Label: add $2, $3, $4

        sw $3, 50($4)

b.

        lw $5, -16($5)

        sw $4, -16($4)

        lw $3, -20($4)

        beq $2, $0, Label ; Assume $2 != $0

        add $5, $1, $4

 

a.         For this problem, assume that all branches are perfectly predicted (this eliminates all control hazards) and that no delay slots are used. If we only have one memory (for both instructions and data), there is a structural hazard every time we need to fetch an instruction in the same cycle in which another instruction accesses data. To guarantee forward progress, this hazard must always be resolved in favor of the instruction that accesses data. What is the total execution of this instruction sequence in the five-stage pipeline that only has one memory? We have seen that data hazards can be eliminated by adding nops to the code. Can you do the same with this structural hazard?

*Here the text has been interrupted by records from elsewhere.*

lemma upper_M_lower_M_fminus_cl_le:
  fixes f :: "'a::real_normed_vector \<Rightarrow> real"
  assumes "bdd_below (f ` \<Omega>)" and "0 \<le> lam" and "x \<in> \<Omega>"
  shows "upper_M lam (closure \<Omega>) (lower_M lam (closure \<Omega>) (fminus_cl \<Omega> f)) x
           \<le> upper_M lam (closure \<Omega>) (lower_M lam \<Omega> f) x"
proof (rule upper_M_mono)
  show "closure \<Omega> \<noteq> {}"
    using assms(3) closure_subset by auto
  show "lower_M lam (closure \<Omega>) (fminus_cl \<Omega> f) y \<le> lower_M lam \<Omega> f y" for y
    using assms closure_subset
    by (intro lower_M_superset_le bdd_below_fminus_cl) (auto simp: fminus_cl_def)
  have "lower_M lam \<Omega> f y - lam * (norm (y - x))\<^sup>2 \<le> f x" for y
    using lower_M_le[OF assms, of y] by (simp add: norm_minus_commute)
  then show "bdd_above ((\<lambda>y. lower_M lam \<Omega> f y - lam * (norm (y - x))\<^sup>2) ` closure \<Omega>)"
    by (intro bdd_aboveI2)
qed

lemma convex_ereal_fun_ereal_iff:
  fixes g :: "'a::real_vector \<Rightarrow> real"
  shows "convex_ereal_fun (\<lambda>u. ereal (g u)) \<longleftrightarrow> convex_on UNIV g"
proof -
  have "{(u, t). ereal (g u) \<le> ereal t} = epigraph UNIV g"
    by (auto simp: epigraph_def)
  then show ?thesis
    by (simp add: convex_ereal_fun_def convex_epigraph)
qed

lemma convex_on_affine:
  fixes a :: "'a::real_inner"
  shows "convex_on UNIV (\<lambda>u. b + a \<bullet> u)"
proof (rule convex_onI)
  fix t :: real and u v :: 'a
  have "b = (1 - t) * b + t * b"
    by (simp add: algebra_simps)
  then show "b + a \<bullet> ((1 - t) *\<^sub>R u + t *\<^sub>R v) \<le> (1 - t) * (b + a \<bullet> u) + t * (b + a \<bullet> v)"
    by (simp add: inner_add_right algebra_simps)
qed simp

lemma conv_env_upper:
  assumes "convex_ereal_fun \<phi>" and "\<And>y. \<phi> y \<le> h y"
  shows "\<phi> x \<le> conv_env h x"
  unfolding conv_env_def using assms by (auto intro: SUP_upper)

lemma less_conv_envE:
  assumes "c < conv_env h x"
  obtains \<phi> where "convex_ereal_fun \<phi>" and "\<And>y. \<phi> y \<le> h y" and "c < \<phi> x"
  using assms unfolding conv_env_def by (auto simp: less_SUP_iff)

lemma lower_M_minus_quadratic_le_global_lower:
  fixes f :: "'a::real_inner \<Rightarrow> real"
  assumes "bdd_below (f ` \<Omega>)" and "0 \<le> lam"
  shows "ereal (lower_M lam \<Omega> f y - lam * (norm (y - x))\<^sup>2) \<le> global_lower lam (finf \<Omega> f) x"
proof -
  define c where "c = lower_M lam \<Omega> f y"
  define a where "a u = c - lam * (norm (u - y))\<^sup>2 + lam * (norm u)\<^sup>2" for u
  have affine: "a = (\<lambda>u. (c - lam * (norm y)\<^sup>2) + ((2 * lam) *\<^sub>R y) \<bullet> u)"
    by (auto simp: a_def power2_norm_eq_inner inner_diff_left inner_diff_right inner_commute
        algebra_simps)
  have "convex_ereal_fun (\<lambda>u. ereal (a u))"
    unfolding convex_ereal_fun_ereal_iff affine by (rule convex_on_affine)
  moreover have "ereal (a u) \<le> finf \<Omega> f u + ereal (lam * (norm u)\<^sup>2)" for u
    using lower_M_le[OF assms, of u y] by (cases "u \<in> \<Omega>") (simp_all add: finf_def a_def c_def)
  ultimately have "ereal (a x) \<le> conv_env (\<lambda>u. finf \<Omega> f u + ereal (lam * (norm u)\<^sup>2)) x"
    by (rule conv_env_upper)
  then show ?thesis
    unfolding global_lower_def
    by (cases "conv_env (\<lambda>u. finf \<Omega> f u + ereal (lam * (norm u)\<^sup>2)) x")
      (auto simp: a_def c_def norm_minus_commute)
qed

lemma upper_M_le_global_lower:
  fixes f :: "'a::real_inner \<Rightarrow> real"
  assumes "bdd_below (f ` \<Omega>)" and "0 \<le> lam" and "S \<noteq> {}"
  shows "ereal (upper_M lam S (lower_M lam \<Omega> f) x) \<le> global_lower lam (finf \<Omega> f) x"
proof (cases "global_lower lam (finf \<Omega> f) x")
  case (real r)
  have "upper_M lam S (lower_M lam \<Omega> f) x \<le> r"
    unfolding upper_M_def
    using assms(3) lower_M_minus_quadratic_le_global_lower[OF assms(1,2), where x = x] real
    by (intro cSUP_least) auto
  then show ?thesis
    using real by simp
next
  case MInf
  moreover obtain y where "y \<in> S"
    using assms(3) by blast
  ultimately show ?thesis
    using lower_M_minus_quadratic_le_global_lower[OF assms(1,2), of y x] by simp
qed simp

Why?

b.        For this problem, assume that all branches are perfectly predicted (this eliminates all control hazards) and that no delay slots are used. If we change load/store instructions to use a register (without an offset) as the address, these instructions no longer need to use the ALU. As a result, MEM and EX stages can be overlapped and the pipeline has only four stages. Change this code to accommodate this changed ISA. Assuming this change does not affect clock cycle time, what speed-up is achieved this instruction sequence?

c.         Assuming stall-on-branch and no delay slots, what speed-up is achieved on this code if branch outcomes are determined in the ID stage, relative to the execution where branch outcomes are determined in the EX stage?

 

The remaining problems assume that individual pipeline stages have the following latencies:

 

 

IF

ID

EX

MEM

WB

a.

100ps

120ps

90ps

130ps

60ps

b.

180ps

100ps

170ps

220ps

60ps

 

d.        Given these pipeline stage latencies, repeat the speed-up calculation from subquestion b., but take into account the (possible) change in clock cycle time. When EX and MEM are done in a single stage, most of their work can be done in parallel. As a result, the resulting EX/MEM stage has a latency that is the larger of the original two, plus 20ps needed for the work that could not be done in parallel.

e.         Given these pipeline stage latencies, repeat the speed-up calculation from subquestion c., taking into account the (possible) change in clock cycle time. Assume that the latency ID stage increases by 50% and the latency of the EX stage decreases by 10ps when branch outcome resolution is moved from EX to ID.

f.         Assuming stall-on-branch and no delay slots, what is the new clock cycle time and execution time of this instruction sequence if beq address computation is moved to the MEM stage? What is the speed-up from this change? Assume that the latency of the EX stage is reduced by 20ps and the latency of the MEM stage is unchanged when branch outcome resolution is moved from EX to MEM.

 

 

4.      Assuming the following repeating pattern (e.g., in a loop) of branch outcomes:

 

 

Branch outcomes

a.

T, T, NT, T

b.

T, T, T, NT, NT

 

a.         What is the accuracy of always-taken and always-out-taken predictors for this sequence of branch outcomes?

b.        What is the accuracy of the two-bit predictor for the first four branches in this pattern, assuming that the predictor starts off in the bottom left state from Figure 2 (predict not taken).

 

説明: f04-63-P374493

Figure 2: The states in a 2-bit prediction scheme.

 

c.         What is the accuracy of the two-bit predictor if this pattern is repeated forever?

d.        Design a predictor that would achieve a perfect accuracy if this pattern is repeated forever. Your predictor should be a sequential circuit with one output that provides a prediction (1 for taken, 0 for not taken) and no inputs other than the clock and the control signal that indicates that the instruction is a conditional branch.

e.         What is the accuracy of your predictor from the above subquestion if it is given a repeating pattern that is the exact opposite of this one?